WHAT IS REQUIRED ▸ From the data below, set down exactly the lines between the one holding "text \<open>Q-function with" and the one holding "(if k' = Suc", inclusive, and no others.

Dataset records ▸
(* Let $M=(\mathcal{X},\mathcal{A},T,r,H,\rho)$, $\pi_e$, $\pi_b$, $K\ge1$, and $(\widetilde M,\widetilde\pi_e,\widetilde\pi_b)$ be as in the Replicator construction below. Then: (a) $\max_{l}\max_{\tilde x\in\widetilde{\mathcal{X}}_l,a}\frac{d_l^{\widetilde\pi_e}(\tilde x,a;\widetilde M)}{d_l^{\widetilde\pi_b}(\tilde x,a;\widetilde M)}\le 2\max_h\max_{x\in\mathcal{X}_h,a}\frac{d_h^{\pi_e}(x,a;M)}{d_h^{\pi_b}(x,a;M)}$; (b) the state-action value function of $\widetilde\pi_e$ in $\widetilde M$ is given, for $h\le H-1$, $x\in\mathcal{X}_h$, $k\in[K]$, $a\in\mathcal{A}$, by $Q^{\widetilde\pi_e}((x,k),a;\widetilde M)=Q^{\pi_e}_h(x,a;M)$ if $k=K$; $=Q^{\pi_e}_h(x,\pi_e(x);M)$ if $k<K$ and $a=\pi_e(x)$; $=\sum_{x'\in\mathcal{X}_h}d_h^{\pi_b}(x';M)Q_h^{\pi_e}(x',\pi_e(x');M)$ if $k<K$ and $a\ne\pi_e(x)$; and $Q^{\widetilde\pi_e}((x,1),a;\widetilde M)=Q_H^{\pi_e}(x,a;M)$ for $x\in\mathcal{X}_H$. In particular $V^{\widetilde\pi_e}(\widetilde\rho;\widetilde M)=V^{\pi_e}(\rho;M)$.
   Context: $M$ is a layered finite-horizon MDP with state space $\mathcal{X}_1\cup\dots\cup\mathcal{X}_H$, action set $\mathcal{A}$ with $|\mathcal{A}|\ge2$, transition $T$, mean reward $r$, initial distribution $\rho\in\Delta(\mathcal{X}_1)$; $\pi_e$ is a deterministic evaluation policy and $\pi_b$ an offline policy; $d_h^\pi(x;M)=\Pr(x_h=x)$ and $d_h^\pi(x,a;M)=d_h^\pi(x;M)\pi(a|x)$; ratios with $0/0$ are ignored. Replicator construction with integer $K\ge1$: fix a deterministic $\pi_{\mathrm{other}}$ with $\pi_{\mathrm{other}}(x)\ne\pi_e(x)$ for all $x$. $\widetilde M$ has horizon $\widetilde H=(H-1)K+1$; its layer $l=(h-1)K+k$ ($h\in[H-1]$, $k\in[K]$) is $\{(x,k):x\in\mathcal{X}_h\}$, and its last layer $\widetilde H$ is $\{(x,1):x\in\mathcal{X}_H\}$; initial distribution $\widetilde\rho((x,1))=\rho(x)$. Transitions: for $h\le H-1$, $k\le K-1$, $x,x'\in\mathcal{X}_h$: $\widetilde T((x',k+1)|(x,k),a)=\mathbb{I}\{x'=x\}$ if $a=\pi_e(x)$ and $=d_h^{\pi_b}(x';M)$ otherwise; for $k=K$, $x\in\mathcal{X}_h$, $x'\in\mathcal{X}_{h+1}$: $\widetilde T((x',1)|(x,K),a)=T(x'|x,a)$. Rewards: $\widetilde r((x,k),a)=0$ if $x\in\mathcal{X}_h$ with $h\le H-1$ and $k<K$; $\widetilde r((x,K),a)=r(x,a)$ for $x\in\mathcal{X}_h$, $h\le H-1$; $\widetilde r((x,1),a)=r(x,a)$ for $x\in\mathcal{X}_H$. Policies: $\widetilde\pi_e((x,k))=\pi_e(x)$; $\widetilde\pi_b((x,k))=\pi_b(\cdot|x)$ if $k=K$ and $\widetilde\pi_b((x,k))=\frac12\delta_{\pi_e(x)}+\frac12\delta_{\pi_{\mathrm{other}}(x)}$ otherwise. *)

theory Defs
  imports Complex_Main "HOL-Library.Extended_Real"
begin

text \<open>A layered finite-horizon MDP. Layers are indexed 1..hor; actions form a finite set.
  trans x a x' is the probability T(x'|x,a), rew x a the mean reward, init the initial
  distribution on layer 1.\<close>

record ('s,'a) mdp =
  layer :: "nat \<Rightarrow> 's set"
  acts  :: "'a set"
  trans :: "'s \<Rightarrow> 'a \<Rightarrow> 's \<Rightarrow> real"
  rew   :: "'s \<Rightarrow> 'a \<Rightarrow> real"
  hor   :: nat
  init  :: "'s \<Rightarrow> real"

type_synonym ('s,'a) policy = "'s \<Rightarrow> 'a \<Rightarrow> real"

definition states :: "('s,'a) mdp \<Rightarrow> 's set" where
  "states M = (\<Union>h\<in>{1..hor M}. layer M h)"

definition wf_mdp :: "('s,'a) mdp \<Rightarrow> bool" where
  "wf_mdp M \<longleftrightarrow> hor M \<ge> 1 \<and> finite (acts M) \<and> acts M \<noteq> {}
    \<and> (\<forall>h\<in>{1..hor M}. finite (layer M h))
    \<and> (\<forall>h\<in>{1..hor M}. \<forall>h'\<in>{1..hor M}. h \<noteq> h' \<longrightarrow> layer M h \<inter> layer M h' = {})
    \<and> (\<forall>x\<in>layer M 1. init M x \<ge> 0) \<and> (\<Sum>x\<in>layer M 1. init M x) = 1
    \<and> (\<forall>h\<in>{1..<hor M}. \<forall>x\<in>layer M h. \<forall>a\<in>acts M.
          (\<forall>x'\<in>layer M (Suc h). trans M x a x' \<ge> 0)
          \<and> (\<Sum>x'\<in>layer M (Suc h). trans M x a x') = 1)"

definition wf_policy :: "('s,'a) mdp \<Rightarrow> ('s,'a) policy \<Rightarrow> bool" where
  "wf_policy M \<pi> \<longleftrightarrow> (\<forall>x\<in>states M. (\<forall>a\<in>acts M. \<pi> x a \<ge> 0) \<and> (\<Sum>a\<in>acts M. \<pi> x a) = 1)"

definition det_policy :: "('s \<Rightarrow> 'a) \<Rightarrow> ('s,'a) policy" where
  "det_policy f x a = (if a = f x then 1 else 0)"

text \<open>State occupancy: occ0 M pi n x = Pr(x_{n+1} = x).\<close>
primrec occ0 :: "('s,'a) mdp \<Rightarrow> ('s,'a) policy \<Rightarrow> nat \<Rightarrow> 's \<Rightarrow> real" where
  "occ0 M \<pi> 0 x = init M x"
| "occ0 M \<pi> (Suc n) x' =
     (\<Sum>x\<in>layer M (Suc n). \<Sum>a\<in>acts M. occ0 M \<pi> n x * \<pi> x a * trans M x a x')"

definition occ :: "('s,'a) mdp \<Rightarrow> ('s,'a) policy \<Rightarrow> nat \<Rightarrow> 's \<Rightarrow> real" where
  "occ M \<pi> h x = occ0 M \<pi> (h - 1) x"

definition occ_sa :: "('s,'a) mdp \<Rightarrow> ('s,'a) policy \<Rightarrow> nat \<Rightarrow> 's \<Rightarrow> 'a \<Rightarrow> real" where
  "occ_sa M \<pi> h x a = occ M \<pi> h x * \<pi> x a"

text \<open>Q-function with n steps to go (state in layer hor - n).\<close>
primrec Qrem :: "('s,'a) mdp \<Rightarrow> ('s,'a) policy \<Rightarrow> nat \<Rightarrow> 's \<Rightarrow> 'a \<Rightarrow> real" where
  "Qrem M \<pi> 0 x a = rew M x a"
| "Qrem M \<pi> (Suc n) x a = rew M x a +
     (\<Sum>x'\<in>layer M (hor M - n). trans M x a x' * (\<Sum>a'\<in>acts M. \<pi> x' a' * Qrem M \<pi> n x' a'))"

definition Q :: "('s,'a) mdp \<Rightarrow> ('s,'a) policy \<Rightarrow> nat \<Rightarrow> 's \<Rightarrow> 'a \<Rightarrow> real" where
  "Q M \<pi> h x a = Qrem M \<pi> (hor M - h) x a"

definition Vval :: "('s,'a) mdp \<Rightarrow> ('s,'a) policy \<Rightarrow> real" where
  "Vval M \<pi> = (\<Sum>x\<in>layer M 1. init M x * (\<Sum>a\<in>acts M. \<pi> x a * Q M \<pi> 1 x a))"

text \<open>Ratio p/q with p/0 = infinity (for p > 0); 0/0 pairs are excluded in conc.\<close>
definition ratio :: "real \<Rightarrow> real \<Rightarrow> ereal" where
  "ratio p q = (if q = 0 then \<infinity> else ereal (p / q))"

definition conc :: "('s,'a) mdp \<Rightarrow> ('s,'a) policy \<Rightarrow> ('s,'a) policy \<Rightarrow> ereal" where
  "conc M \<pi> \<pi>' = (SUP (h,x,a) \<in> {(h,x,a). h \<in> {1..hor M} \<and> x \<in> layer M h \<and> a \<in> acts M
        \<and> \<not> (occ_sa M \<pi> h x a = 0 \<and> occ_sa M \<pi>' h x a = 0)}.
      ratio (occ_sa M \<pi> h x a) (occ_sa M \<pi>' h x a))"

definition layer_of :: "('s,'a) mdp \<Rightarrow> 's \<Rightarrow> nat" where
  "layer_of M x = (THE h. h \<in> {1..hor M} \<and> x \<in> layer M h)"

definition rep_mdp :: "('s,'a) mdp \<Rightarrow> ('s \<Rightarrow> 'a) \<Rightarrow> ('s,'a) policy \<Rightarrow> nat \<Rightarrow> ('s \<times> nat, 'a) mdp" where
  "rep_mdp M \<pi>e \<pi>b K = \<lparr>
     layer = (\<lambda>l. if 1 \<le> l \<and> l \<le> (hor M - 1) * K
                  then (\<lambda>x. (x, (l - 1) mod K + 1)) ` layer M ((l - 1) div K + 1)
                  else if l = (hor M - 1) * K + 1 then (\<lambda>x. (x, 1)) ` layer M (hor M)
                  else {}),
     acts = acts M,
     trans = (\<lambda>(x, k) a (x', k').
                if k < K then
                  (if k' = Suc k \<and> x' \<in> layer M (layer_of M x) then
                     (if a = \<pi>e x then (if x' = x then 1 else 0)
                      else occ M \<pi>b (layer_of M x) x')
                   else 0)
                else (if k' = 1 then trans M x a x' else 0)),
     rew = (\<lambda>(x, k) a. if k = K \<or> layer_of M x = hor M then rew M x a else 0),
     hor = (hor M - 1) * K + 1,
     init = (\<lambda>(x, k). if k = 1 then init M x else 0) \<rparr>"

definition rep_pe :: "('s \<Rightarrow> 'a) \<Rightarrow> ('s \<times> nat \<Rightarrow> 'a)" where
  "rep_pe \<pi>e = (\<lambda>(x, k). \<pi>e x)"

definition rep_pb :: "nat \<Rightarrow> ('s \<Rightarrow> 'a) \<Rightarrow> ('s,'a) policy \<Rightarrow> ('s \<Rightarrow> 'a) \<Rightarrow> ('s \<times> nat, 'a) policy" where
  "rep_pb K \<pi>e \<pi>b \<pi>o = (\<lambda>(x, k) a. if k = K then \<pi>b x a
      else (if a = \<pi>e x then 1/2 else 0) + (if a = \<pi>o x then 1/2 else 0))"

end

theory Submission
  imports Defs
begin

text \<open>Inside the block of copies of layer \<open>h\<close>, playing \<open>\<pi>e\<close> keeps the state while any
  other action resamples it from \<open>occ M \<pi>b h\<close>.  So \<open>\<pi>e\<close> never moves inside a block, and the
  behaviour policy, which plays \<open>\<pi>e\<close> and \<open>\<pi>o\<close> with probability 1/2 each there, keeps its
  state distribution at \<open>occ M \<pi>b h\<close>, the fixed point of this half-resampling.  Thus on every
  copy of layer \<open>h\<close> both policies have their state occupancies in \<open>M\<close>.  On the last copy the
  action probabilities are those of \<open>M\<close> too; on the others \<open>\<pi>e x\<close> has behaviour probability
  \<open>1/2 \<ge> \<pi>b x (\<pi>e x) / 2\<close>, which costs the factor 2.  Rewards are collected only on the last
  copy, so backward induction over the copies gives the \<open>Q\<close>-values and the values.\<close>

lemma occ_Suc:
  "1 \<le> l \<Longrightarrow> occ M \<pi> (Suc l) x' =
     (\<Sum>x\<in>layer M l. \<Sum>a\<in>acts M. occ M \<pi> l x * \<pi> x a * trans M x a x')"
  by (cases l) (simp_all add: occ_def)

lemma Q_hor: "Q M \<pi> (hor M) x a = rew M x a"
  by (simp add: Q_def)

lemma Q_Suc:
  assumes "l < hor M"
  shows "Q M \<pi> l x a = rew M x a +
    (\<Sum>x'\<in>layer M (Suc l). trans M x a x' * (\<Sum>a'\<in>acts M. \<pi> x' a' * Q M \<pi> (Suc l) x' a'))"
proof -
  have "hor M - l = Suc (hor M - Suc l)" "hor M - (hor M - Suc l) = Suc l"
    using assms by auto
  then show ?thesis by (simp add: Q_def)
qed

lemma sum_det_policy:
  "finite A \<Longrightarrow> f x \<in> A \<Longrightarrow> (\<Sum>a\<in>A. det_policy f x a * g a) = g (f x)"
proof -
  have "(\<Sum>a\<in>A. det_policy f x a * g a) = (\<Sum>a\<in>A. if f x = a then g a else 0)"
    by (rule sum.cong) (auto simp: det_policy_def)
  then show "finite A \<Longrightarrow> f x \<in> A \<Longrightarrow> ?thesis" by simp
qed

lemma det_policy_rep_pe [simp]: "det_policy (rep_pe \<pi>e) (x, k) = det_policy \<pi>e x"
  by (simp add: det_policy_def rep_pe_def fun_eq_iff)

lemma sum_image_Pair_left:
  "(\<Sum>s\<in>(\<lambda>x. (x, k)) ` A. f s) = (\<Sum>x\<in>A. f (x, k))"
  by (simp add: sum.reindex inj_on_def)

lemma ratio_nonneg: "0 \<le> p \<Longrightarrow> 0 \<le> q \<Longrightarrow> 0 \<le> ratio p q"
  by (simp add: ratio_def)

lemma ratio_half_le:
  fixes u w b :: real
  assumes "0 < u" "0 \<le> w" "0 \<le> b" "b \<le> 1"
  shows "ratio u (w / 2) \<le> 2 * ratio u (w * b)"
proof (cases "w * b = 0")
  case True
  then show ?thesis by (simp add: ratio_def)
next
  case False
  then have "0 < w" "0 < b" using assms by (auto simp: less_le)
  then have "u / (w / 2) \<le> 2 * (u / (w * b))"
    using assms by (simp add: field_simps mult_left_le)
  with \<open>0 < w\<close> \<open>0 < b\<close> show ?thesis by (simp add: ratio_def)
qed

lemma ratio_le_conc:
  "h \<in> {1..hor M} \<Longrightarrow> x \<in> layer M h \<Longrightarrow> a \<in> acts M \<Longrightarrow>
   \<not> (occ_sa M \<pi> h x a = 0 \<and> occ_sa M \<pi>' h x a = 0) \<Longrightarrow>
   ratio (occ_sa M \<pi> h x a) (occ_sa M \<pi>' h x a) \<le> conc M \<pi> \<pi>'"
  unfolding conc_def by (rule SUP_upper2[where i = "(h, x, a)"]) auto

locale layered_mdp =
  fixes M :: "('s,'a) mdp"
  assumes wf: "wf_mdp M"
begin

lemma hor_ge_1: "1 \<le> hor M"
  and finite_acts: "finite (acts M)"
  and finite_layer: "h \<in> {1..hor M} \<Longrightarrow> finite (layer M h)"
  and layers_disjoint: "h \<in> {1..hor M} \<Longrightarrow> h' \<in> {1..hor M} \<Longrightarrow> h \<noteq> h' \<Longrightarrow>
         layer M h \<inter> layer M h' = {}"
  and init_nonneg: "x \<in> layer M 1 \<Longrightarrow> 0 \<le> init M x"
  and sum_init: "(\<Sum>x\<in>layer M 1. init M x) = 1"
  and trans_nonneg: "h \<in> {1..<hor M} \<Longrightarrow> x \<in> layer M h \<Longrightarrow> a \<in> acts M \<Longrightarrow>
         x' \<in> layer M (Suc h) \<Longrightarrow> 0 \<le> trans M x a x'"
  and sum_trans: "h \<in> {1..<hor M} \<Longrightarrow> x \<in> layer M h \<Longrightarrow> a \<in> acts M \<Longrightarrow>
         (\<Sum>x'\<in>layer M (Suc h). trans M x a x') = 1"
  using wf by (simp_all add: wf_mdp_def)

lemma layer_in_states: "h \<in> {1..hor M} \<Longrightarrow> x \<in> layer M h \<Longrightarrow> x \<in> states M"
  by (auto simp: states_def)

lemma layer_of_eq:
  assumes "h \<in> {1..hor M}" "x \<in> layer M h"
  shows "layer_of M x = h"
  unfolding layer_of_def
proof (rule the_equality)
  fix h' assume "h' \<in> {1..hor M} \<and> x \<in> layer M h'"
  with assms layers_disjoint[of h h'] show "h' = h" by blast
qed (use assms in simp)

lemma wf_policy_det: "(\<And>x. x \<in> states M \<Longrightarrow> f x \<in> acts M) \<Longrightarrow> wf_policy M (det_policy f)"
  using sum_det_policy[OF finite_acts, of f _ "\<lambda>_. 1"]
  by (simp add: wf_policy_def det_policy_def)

EXERCISE RESPONSE ▸
text \<open>Q-function with n steps to go (state in layer hor - n).\<close>
primrec Qrem :: "('s,'a) mdp \<Rightarrow> ('s,'a) policy \<Rightarrow> nat \<Rightarrow> 's \<Rightarrow> 'a \<Rightarrow> real" where
  "Qrem M \<pi> 0 x a = rew M x a"
| "Qrem M \<pi> (Suc n) x a = rew M x a +
     (\<Sum>x'\<in>layer M (hor M - n). trans M x a x' * (\<Sum>a'\<in>acts M. \<pi> x' a' * Qrem M \<pi> n x' a'))"

definition Q :: "('s,'a) mdp \<Rightarrow> ('s,'a) policy \<Rightarrow> nat \<Rightarrow> 's \<Rightarrow> 'a \<Rightarrow> real" where
  "Q M \<pi> h x a = Qrem M \<pi> (hor M - h) x a"

definition Vval :: "('s,'a) mdp \<Rightarrow> ('s,'a) policy \<Rightarrow> real" where
  "Vval M \<pi> = (\<Sum>x\<in>layer M 1. init M x * (\<Sum>a\<in>acts M. \<pi> x a * Q M \<pi> 1 x a))"

text \<open>Ratio p/q with p/0 = infinity (for p > 0); 0/0 pairs are excluded in conc.\<close>
definition ratio :: "real \<Rightarrow> real \<Rightarrow> ereal" where
  "ratio p q = (if q = 0 then \<infinity> else ereal (p / q))"

definition conc :: "('s,'a) mdp \<Rightarrow> ('s,'a) policy \<Rightarrow> ('s,'a) policy \<Rightarrow> ereal" where
  "conc M \<pi> \<pi>' = (SUP (h,x,a) \<in> {(h,x,a). h \<in> {1..hor M} \<and> x \<in> layer M h \<and> a \<in> acts M
        \<and> \<not> (occ_sa M \<pi> h x a = 0 \<and> occ_sa M \<pi>' h x a = 0)}.
      ratio (occ_sa M \<pi> h x a) (occ_sa M \<pi>' h x a))"

definition layer_of :: "('s,'a) mdp \<Rightarrow> 's \<Rightarrow> nat" where
  "layer_of M x = (THE h. h \<in> {1..hor M} \<and> x \<in> layer M h)"

definition rep_mdp :: "('s,'a) mdp \<Rightarrow> ('s \<Rightarrow> 'a) \<Rightarrow> ('s,'a) policy \<Rightarrow> nat \<Rightarrow> ('s \<times> nat, 'a) mdp" where
  "rep_mdp M \<pi>e \<pi>b K = \<lparr>
     layer = (\<lambda>l. if 1 \<le> l \<and> l \<le> (hor M - 1) * K
                  then (\<lambda>x. (x, (l - 1) mod K + 1)) ` layer M ((l - 1) div K + 1)
                  else if l = (hor M - 1) * K + 1 then (\<lambda>x. (x, 1)) ` layer M (hor M)
                  else {}),
     acts = acts M,
     trans = (\<lambda>(x, k) a (x', k').
                if k < K then
                  (if k' = Suc k \<and> x' \<in> layer M (layer_of M x) then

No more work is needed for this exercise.